lemma of_real_in_eigenvalues_cmatrix:
  fixes B :: "real^'n^'n"
  assumes "w \<noteq> 0" "B *v w = t *\<^sub>R w"
  shows "complex_of_real t \<in> eigenvalues (cmatrix B)"
proof -
  define wc where "wc = (\<chi> i. complex_of_real (w $ i))"
  have "wc \<noteq> 0"
    using assms(1) by (auto simp: wc_def Finite_Cartesian_Product.vec_eq_iff)
  moreover have "cmatrix B *v wc = complex_of_real t *s wc"
    using assms(2)
    by (auto simp: wc_def cmatrix_def matrix_vector_mult_def Finite_Cartesian_Product.vec_eq_iff
        simp flip: of_real_mult of_real_sum)
  ultimately show ?thesis unfolding eigenvalues_def by blast
qed

lemma matrix_vector_mult_shift:
  fixes B :: "real^'n^'n"
  shows "(t *\<^sub>R mat 1 - B) *v w = t *\<^sub>R w - B *v w"
  by (simp add: matrix_vector_mult_diff_rdistrib matrix_vector_mul_lid
      flip: scaleR_matrix_vector_assoc)

lemma invertible_shift_iff:
  fixes B :: "real^'n^'n"
  shows "invertible (t *\<^sub>R mat 1 - B) \<longleftrightarrow> (\<forall>w. B *v w = t *\<^sub>R w \<longrightarrow> w = 0)"
  unfolding invertible_left_inverse matrix_left_invertible_ker matrix_vector_mult_shift
  by (simp add: eq_commute[of "B *v _"])

section \<open>Strict subeigenvectors of nonnegative matrices\<close>

lemma finite_UNIV_has_argmax:
  fixes f :: "'n::finite \<Rightarrow> 'a::linorder"
  obtains k where "\<And>j. f j \<le> f k"
proof -
  have "Max (range f) \<in> range f" by (rule Max_in) simp_all
  then obtain k where "Max (range f) = f k" by (rule rangeE)
  then have "f j \<le> f k" for j using Max_ge[of "range f" "f j"] by simp
  then show thesis by (rule that)
qed

(* For nonnegative B, a strict subeigenvector for t exists exactly when every eigenvalue of B
   has modulus less than t. *)
definition strict_subeigenvector :: "real^'n^'n \<Rightarrow> real \<Rightarrow> real^'n \<Rightarrow> bool" where
  "strict_subeigenvector B t v \<longleftrightarrow> (\<forall>i. 0 < v $ i) \<and> (\<forall>i. (B *v v) $ i < t * v $ i)"

lemma nonneg_matrix_vector_mult_nonneg:
  fixes B :: "real^'n^'n"
  assumes "\<forall>i j. 0 \<le> B $ i $ j" "\<forall>j. 0 \<le> z $ j"
  shows "0 \<le> (B *v z) $ i"
  unfolding matrix_vector_mult_def using assms by (simp add: sum_nonneg)

lemma strict_subeigenvector_mono:
  assumes "strict_subeigenvector B t v" "t \<le> t'"
  shows "strict_subeigenvector B t' v"
  using assms unfolding strict_subeigenvector_def
  by (meson less_le_trans mult_right_mono less_imp_le)

lemma strict_subeigenvector_decrease:
  assumes "strict_subeigenvector B t v"
  obtains t' where "t' < t" "strict_subeigenvector B t' v"
proof -
  have v: "\<forall>i. 0 < v $ i" "\<forall>i. (B *v v) $ i / v $ i < t"
    using assms unfolding strict_subeigenvector_def by (auto simp: divide_less_eq)
  define t' where "t' = Max (range (\<lambda>i. (B *v v) $ i / v $ i))"
  have "t' < t" unfolding t'_def using v(2) by (simp add: Max_less_iff)
  moreover have "(B *v v) $ i < ((t' + t) / 2) * v $ i" for i
  proof -
    have "(B *v v) $ i / v $ i \<le> t'" unfolding t'_def by simp
    then have "(B *v v) $ i \<le> t' * v $ i" using v(1) by (simp add: pos_divide_le_eq)
    also have "\<dots> < ((t' + t) / 2) * v $ i"
      using v(1) \<open>t' < t\<close> by (intro mult_strict_right_mono) auto
    finally show ?thesis .
  qed
  ultimately show thesis
    using that[of "(t' + t) / 2"] v(1) unfolding strict_subeigenvector_def by simp
qed

lemma ex_strict_subeigenvector: "\<exists>t v. strict_subeigenvector B t v"
proof (intro exI)
  define t where "t = 1 + (\<Sum>i\<in>UNIV. \<Sum>j\<in>UNIV. \<bar>B $ i $ j\<bar>)"
  have "(B *v 1) $ i < t * 1 $ i" for i
  proof -
    have "(B *v 1) $ i \<le> (\<Sum>j\<in>UNIV. \<bar>B $ i $ j\<bar>)"
      by (simp add: matrix_vector_mult_def sum_mono)
    also have "\<dots> \<le> (\<Sum>i\<in>UNIV. \<Sum>j\<in>UNIV. \<bar>B $ i $ j\<bar>)"
      by (rule member_le_sum) (auto intro: sum_nonneg)
    finally show ?thesis unfolding t_def by simp
  qed
  then show "strict_subeigenvector B t 1"
    unfolding strict_subeigenvector_def by simp
qed
lemma tau_Suc_enat:
  assumes windows: "\<And>s. spans_from A ws R s (s + m)"
  shows "\<exists>t. tau A ws R (Suc l) = enat t \<and> block_start A ws R (Suc l) = Suc t
    \<and> block_start A ws R l \<le> t \<and> t \<le> block_start A ws R l + m
    \<and> spans_from A ws R (block_start A ws R l) t"
proof (induction l)
  case 0
  let ?t = "LEAST k. spans_from A ws R 0 k"
  have "spans_from A ws R 0 ?t" "?t \<le> m"
    using windows[of 0] by (auto intro: LeastI Least_le)
  then show ?case using windows[of 0] by (auto simp: block_start_def)
next
  case (Suc l)
  then obtain t where t: "tau A ws R (Suc l) = enat t" "block_start A ws R (Suc l) = Suc t"
    by blast
  let ?t = "LEAST k. t < k \<and> spans_from A ws R (Suc t) k"
  have witness: "t < Suc t + m \<and> spans_from A ws R (Suc t) (Suc t + m)"
    using windows[of "Suc t"] by simp
  then have "\<exists>k>t. spans_from A ws R (Suc t) k" by blast
  then have "tau A ws R (Suc (Suc l)) = enat ?t" using t by simp
  moreover have "t < ?t \<and> spans_from A ws R (Suc t) ?t" "?t \<le> Suc t + m"
    using witness by (rule LeastI, rule Least_le)
  ultimately show ?case using t by (auto simp: block_start_def)
qed

lemma tau_Suc_le:
  assumes windows: "\<And>s. spans_from A ws R s (s + m)"
  shows "tau A ws R (Suc l) \<le> tau A ws R l + enat (Suc m)"
proof (cases l)
  case 0
  obtain t where "tau A ws R (Suc 0) = enat t" "t \<le> m"
    using tau_Suc_enat[OF windows, of 0] by auto
  then show ?thesis using 0 by simp
next
  case (Suc l')
  obtain t' where "tau A ws R (Suc l') = enat t'" "block_start A ws R (Suc l') = Suc t'"
    using tau_Suc_enat[OF windows, of l'] by blast
  then have "tau A ws R l = enat t'" "block_start A ws R l = Suc t'" using Suc by simp_all
  moreover obtain t where "tau A ws R (Suc l) = enat t" "t \<le> block_start A ws R l + m"
    using tau_Suc_enat[OF windows, of l] by blast
  ultimately show ?thesis by simp
qed
lemma good_pair_coeff_above_zero:
  assumes diag: "\<And>j. j < m \<Longrightarrow> nullity (block j - 1) < j \<Longrightarrow> conjugate (col U j) \<bullet> bvec b j \<noteq> 0"
    and gp: "good_pair A lam m b U S" and gp': "good_pair A lam m b U' S'" and k: "k < m"
    and below: "\<And>i. i < k \<Longrightarrow> conjugate (col U i) \<bullet> col U' k = 0"
  shows "k < i \<Longrightarrow> i < nullity (block k) \<Longrightarrow> conjugate (col U i) \<bullet> col U' k = 0"
proof (induct "nullity (block k) - i" arbitrary: i rule: less_induct)
  case (less i)
  let ?u = "col U" and ?a = "\<lambda>i. conjugate (col U i) \<bullet> col U' k"
  define e where "e = nullity (block k)"
  have em: "e \<le> m" unfolding e_def by (rule nullity_le)
  have ki: "k < i" "i < e" using less by (auto simp: e_def)
  have block_in: "block i' = block k" if "k \<le> i'" "i' < e" for i'
    using that block_pos[OF k] nullity_block_pred_le[OF k] unfolding e_def by (intro block_eqI) auto
  have uN: "\<And>i. i < m \<Longrightarrow> ?u i \<in> ker_pow (block i)"
    using good_pair_col_ker_pow[OF gp] .
  have uon: "\<And>i j. i < m \<Longrightarrow> j < m \<Longrightarrow> conjugate (?u i) \<bullet> ?u j = (if i = j then 1 else 0)"
    using good_pair_orthonormal[OF gp] .
  have "col U' k = vec_lincomb n e ?a ?u"
    unfolding e_def by (rule orthonormal_ker_pow_expansion[OF uN uon good_pair_col_ker_pow[OF gp' k]])
  then have "conjugate (col U' k) \<bullet> bvec b i = conjugate (vec_lincomb n e ?a ?u) \<bullet> bvec b i"
    by (rule arg_cong)
  also have "\<dots> = (\<Sum>i'<e. cnj (?a i') * (conjugate (?u i') \<bullet> bvec b i))"
    by (rule vec_lincomb_scalar_prod) (use good_pair_carriers(2)[OF gp] em in auto)
  also have "\<dots> = cnj (?a i) * (conjugate (?u i) \<bullet> bvec b i)"
  proof (subst sum.remove[of _ i], simp_all add: ki)
    have "cnj (?a i') * (conjugate (?u i') \<bullet> bvec b i) = 0" if "i' < e" "i' \<noteq> i" for i'
    proof -
      consider "i' < k" | "k \<le> i'" "i' < i" | "i < i'" using \<open>i' \<noteq> i\<close> by fastforce
      then show ?thesis
      proof cases
        case 2
        then show ?thesis using good_pair_Phi[OF gp, of i' i] block_in[of i'] ki em \<open>i' < e\<close>
          by (simp add: e_def)
      qed (use below less(1)[of i'] \<open>i' < e\<close> ki in \<open>auto simp: e_def\<close>)
    qed
    then show "(\<Sum>i'\<in>{..<e} - {i}. cnj (?a i') * (conjugate (?u i') \<bullet> bvec b i)) = 0"
      by (intro sum.neutral) auto
  qed
  finally have "cnj (?a i) * (conjugate (?u i) \<bullet> bvec b i) = 0"
    using good_pair_Phi[OF gp' k ki(1)] ki by (simp add: e_def)
  moreover have "conjugate (?u i) \<bullet> bvec b i \<noteq> 0"
    using diag[of i] ki em nullity_block_pred_le[OF k] block_in[of i] by simp
  ultimately show ?case by simp
qed

lemma good_pair_col_parallel:
  assumes diag: "\<And>j. j < m \<Longrightarrow> nullity (block j - 1) < j \<Longrightarrow> conjugate (col U j) \<bullet> bvec b j \<noteq> 0"
    and gp: "good_pair A lam m b U S" and gp': "good_pair A lam m b U' S'"
  shows "k < m \<Longrightarrow> col U' k = (conjugate (col U k) \<bullet> col U' k) \<cdot>\<^sub>v col U k"
proof (induct k rule: less_induct)
  case (less k)
  let ?u = "col U" and ?a = "\<lambda>i. conjugate (col U i) \<bullet> col U' k"
  have below: "?a i = 0" if "i < k" for i
    using good_pair_coeff_below_zero[OF gp gp' that less(2) less(1)[OF that]] that less(2) by simp
  have uN: "\<And>i. i < m \<Longrightarrow> ?u i \<in> ker_pow (block i)"
    using good_pair_col_ker_pow[OF gp] .
  have uon: "\<And>i j. i < m \<Longrightarrow> j < m \<Longrightarrow> conjugate (?u i) \<bullet> ?u j = (if i = j then 1 else 0)"
    using good_pair_orthonormal[OF gp] .
  have "col U' k = vec_lincomb n (nullity (block k)) ?a ?u"
    by (rule orthonormal_ker_pow_expansion[OF uN uon good_pair_col_ker_pow[OF gp' less(2)]])
  also have "\<dots> = ?a k \<cdot>\<^sub>v ?u k"
  proof (rule vec_lincomb_single)
    fix i assume "i < nullity (block k)" "i \<noteq> k"
    then show "?a i = 0"
      using below good_pair_coeff_above_zero[OF diag gp gp' less(2) below] by (cases "i < k") auto
  qed (use less_nullity_block[OF less(2)] good_pair_carriers(2)[OF gp less(2)] in auto)
  finally show ?case .
qed

lemma good_pair_unique_up_to_phases:
  assumes gen: "generic b \<noteq> 0" and gp: "good_pair A lam m b U S" and gp': "good_pair A lam m b U' S'"
  shows "\<exists>\<alpha>. (\<forall>i<m. cmod (\<alpha> i) = 1) \<and> U' = U * mat_diag m \<alpha>"
proof -
  define \<alpha> where "\<alpha> k = conjugate (col U k) \<bullet> col U' k" for k
  have par: "col U' k = \<alpha> k \<cdot>\<^sub>v col U k" if "k < m" for k
    unfolding \<alpha>_def using good_pair_col_parallel[OF generic_diag_nonzero[OF gen gp] gp gp' that] .
  note U = good_pair_carriers[OF gp] and U' = good_pair_carriers[OF gp']
  have "cmod (\<alpha> i) = 1" if i: "i < m" for i
  proof (rule cmod_eq_1_if_cnj_mult_eq_1)
    have "1 = conjugate (col U' i) \<bullet> col U' i" using good_pair_orthonormal[OF gp' i i] by simp
    also have "\<dots> = cnj (\<alpha> i) * \<alpha> i * (conjugate (col U i) \<bullet> col U i)"
      unfolding par[OF i] conjugate_smult_vec using U(2)[OF i] by (simp add: mult.assoc)
    also have "\<dots> = cnj (\<alpha> i) * \<alpha> i" using good_pair_orthonormal[OF gp i i] by simp
    finally show "cnj (\<alpha> i) * \<alpha> i = 1" by simp
  qed
  moreover have "U' = U * mat_diag m \<alpha>"
  proof (rule eq_matI)
    fix r k assume "r < dim_row (U * mat_diag m \<alpha>)" "k < dim_col (U * mat_diag m \<alpha>)"
    then have r: "r < n" and k: "k < m" using U by (auto simp: mat_diag_def)
    have "(U * mat_diag m \<alpha>) $$ (r, k) = (\<Sum>p<m. U $$ (r, p) * mat_diag m \<alpha> $$ (p, k))"
      by (rule index_mult_mat_sum[OF U(1) _ r k]) (simp add: mat_diag_def)
    also have "\<dots> = U $$ (r, k) * \<alpha> k"
      using k by (simp add: mat_diag_def if_distrib cong: if_cong)
    also have "\<dots> = U' $$ (r, k)"
      using arg_cong[OF par[OF k], of "\<lambda>v. v $ r"] U(1) U'(1) r k by simp
    finally show "U' $$ (r, k) = (U * mat_diag m \<alpha>) $$ (r, k)" by simp
  qed (use U U' in \<open>auto simp: mat_diag_def\<close>)
  ultimately show ?thesis by blast
qed

end

theorem theorem1:
  fixes A :: "complex mat" and lam :: complex and n m :: nat
  assumes "A \<in> carrier_mat n n"
    and "eigenvalue A lam"
    and "m = Polynomial.order lam (char_poly A)"
  shows "AE b in PiM ({0..<n} \<times> {0..<m}) (\<lambda>_. (lborel :: complex measure)).
     \<exists>U S. good_pair A lam m b U S \<and>
       (\<forall>U' S'. good_pair A lam m b U' S' \<longrightarrow>
          S' = mat_adjoint U' * (A - lam \<cdot>\<^sub>m 1\<^sub>m n) * U' \<and>
          (\<exists>\<alpha>. (\<forall>i<m. cmod (\<alpha> i) = 1) \<and> U' = U * mat_diag m \<alpha>))"
proof -
  interpret weyr_eigenvalue A n lam m
    using assms(1,3) by unfold_locales
  show ?thesis
    using AE_generic_nonzero
  proof eventually_elim
    case (elim b)
    obtain U S where "good_pair A lam m b U S"
      using good_pair_exists by blast
    then show ?case
      using good_pair_S_eq good_pair_unique_up_to_phases[OF elim] by blast
  qed
qed

end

···

### EXERCISE
Return only the lines between the one holding "then show ?case using" and the one holding "m \<and> spans_from", inclusive, exactly as they appear above.

### SOLUTION TO THE EXERCISE
  then show ?case using windows[of 0] by (auto simp: block_start_def)
next
  case (Suc l)
  then obtain t where t: "tau A ws R (Suc l) = enat t" "block_start A ws R (Suc l) = Suc t"
    by blast
  let ?t = "LEAST k. t < k \<and> spans_from A ws R (Suc t) k"
  have witness: "t < Suc t + m \<and> spans_from A ws R (Suc t) (Suc t + m)"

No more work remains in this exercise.